▸ WORK REQUIRED:
Go through the records line by line. Report how many lines contain "proof", with nothing else.

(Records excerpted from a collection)
"""
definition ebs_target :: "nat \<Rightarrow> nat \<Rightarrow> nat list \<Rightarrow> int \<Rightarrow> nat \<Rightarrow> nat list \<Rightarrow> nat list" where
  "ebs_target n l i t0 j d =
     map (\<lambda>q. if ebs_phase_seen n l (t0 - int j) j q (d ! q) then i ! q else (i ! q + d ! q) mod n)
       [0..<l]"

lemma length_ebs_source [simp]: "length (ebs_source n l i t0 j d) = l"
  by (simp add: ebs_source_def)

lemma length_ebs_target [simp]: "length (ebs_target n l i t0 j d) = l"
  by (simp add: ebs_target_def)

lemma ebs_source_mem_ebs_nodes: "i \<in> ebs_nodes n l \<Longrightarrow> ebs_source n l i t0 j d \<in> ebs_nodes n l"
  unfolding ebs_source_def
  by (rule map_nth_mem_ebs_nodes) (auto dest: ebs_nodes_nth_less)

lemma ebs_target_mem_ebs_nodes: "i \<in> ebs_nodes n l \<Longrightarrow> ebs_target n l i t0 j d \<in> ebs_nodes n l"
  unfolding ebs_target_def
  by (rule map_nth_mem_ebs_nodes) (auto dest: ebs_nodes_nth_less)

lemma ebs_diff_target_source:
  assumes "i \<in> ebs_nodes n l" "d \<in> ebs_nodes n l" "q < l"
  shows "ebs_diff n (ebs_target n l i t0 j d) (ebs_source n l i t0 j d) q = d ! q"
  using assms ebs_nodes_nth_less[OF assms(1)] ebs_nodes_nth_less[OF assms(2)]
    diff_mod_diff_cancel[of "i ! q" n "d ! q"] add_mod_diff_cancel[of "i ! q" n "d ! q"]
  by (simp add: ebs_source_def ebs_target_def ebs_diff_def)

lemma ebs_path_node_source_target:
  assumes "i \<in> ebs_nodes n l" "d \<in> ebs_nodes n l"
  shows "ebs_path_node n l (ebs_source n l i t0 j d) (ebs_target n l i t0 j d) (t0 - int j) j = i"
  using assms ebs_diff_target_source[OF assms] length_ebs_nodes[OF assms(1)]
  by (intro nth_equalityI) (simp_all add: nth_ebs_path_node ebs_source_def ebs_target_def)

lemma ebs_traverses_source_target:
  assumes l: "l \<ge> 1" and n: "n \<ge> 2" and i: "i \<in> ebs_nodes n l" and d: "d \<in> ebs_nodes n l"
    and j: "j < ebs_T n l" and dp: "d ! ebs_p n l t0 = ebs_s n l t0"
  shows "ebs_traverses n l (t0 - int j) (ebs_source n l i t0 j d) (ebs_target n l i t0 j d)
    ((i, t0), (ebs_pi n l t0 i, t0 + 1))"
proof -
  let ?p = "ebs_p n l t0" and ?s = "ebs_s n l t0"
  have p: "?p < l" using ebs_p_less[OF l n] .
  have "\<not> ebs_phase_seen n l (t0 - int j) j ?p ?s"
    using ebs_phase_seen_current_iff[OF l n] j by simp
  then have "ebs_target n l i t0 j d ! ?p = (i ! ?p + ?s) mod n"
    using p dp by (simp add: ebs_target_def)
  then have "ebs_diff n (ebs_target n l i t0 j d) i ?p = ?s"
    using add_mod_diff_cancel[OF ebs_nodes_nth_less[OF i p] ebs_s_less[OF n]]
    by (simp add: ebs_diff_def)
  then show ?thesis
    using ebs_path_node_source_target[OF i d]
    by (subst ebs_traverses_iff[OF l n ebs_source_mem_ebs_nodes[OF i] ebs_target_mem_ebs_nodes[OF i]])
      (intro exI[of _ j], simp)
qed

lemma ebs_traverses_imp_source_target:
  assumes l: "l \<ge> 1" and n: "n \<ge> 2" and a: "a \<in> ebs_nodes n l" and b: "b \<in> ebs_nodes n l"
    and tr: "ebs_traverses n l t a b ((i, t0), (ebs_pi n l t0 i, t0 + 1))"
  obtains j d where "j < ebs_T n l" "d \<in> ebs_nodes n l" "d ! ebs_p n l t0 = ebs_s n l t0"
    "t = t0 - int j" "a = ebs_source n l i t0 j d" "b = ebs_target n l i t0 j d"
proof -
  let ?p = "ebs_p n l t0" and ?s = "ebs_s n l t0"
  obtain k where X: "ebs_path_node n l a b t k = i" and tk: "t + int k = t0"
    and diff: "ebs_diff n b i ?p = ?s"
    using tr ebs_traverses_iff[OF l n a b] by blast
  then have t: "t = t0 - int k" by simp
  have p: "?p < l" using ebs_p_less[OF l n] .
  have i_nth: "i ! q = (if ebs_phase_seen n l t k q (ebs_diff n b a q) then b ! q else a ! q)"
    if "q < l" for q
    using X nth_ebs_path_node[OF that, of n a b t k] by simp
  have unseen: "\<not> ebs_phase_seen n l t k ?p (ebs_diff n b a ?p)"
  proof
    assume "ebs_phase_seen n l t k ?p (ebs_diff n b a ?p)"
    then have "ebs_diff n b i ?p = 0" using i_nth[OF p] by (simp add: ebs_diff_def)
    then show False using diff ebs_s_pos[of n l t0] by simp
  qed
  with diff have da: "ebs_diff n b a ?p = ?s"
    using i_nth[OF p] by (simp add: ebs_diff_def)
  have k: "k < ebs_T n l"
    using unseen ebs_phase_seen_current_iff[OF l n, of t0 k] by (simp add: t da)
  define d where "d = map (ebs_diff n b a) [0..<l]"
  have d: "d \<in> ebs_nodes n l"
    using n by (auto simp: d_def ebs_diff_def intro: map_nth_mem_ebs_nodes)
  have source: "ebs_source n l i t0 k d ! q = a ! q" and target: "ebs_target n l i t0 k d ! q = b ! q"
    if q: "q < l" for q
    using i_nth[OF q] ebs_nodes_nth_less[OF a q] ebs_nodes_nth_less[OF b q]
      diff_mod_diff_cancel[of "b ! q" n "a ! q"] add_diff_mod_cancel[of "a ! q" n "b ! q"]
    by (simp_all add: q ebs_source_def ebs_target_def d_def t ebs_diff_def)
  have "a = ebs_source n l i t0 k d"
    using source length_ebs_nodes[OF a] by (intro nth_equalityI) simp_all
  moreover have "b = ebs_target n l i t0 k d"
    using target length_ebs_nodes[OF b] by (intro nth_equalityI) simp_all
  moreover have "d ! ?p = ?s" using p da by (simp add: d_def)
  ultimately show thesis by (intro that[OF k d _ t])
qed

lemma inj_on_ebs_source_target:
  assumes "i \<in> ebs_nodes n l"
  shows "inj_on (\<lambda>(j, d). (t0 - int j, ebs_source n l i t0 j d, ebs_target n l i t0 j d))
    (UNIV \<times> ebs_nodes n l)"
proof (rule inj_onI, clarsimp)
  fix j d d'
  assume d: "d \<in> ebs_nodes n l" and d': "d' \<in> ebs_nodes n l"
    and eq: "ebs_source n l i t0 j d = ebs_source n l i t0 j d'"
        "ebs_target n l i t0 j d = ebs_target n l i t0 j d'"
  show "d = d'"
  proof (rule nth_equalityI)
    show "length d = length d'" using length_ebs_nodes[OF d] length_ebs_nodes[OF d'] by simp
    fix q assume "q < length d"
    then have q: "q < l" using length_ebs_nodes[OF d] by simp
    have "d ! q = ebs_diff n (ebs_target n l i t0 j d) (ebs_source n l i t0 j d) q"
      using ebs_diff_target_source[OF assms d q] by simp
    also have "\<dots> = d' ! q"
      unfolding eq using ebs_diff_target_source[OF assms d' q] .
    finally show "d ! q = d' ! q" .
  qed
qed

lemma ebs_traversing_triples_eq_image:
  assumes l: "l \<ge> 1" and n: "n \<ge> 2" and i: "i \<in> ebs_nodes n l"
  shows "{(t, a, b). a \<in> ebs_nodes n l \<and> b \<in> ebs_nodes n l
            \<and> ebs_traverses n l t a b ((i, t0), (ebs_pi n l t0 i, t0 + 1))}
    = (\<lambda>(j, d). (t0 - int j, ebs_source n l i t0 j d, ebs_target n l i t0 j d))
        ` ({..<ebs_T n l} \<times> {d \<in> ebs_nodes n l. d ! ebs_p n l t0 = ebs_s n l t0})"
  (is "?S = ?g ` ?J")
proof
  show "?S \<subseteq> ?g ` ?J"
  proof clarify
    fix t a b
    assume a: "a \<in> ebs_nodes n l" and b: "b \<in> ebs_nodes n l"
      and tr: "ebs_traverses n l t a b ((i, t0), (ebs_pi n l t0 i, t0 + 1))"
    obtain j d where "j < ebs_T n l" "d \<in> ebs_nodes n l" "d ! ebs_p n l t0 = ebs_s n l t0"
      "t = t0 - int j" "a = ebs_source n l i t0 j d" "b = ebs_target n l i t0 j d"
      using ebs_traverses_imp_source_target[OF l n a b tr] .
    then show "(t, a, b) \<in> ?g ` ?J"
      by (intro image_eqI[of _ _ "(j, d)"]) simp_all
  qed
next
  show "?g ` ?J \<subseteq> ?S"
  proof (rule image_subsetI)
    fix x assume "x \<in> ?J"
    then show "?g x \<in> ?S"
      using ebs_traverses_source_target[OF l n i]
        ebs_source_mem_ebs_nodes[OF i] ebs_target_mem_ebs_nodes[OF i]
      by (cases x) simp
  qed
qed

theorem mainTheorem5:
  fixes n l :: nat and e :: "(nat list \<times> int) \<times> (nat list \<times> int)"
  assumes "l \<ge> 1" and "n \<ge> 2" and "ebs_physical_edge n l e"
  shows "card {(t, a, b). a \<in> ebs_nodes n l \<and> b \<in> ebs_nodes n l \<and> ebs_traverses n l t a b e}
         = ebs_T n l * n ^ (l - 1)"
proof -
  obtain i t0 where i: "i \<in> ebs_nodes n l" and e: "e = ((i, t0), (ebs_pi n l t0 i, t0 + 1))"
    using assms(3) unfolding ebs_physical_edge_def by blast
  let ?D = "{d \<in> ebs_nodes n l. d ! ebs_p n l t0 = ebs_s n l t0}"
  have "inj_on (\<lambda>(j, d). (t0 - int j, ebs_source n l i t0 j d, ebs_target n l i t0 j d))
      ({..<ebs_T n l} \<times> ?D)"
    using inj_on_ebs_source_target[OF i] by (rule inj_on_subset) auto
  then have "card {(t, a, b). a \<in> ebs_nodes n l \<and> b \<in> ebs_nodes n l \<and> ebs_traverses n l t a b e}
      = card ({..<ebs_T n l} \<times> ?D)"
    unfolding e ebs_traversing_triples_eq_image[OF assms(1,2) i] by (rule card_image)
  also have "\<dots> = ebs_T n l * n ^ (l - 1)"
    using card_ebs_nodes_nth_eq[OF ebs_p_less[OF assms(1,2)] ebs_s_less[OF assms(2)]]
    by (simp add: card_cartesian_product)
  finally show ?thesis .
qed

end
"""
▸ SOLVED PROBLEM:
9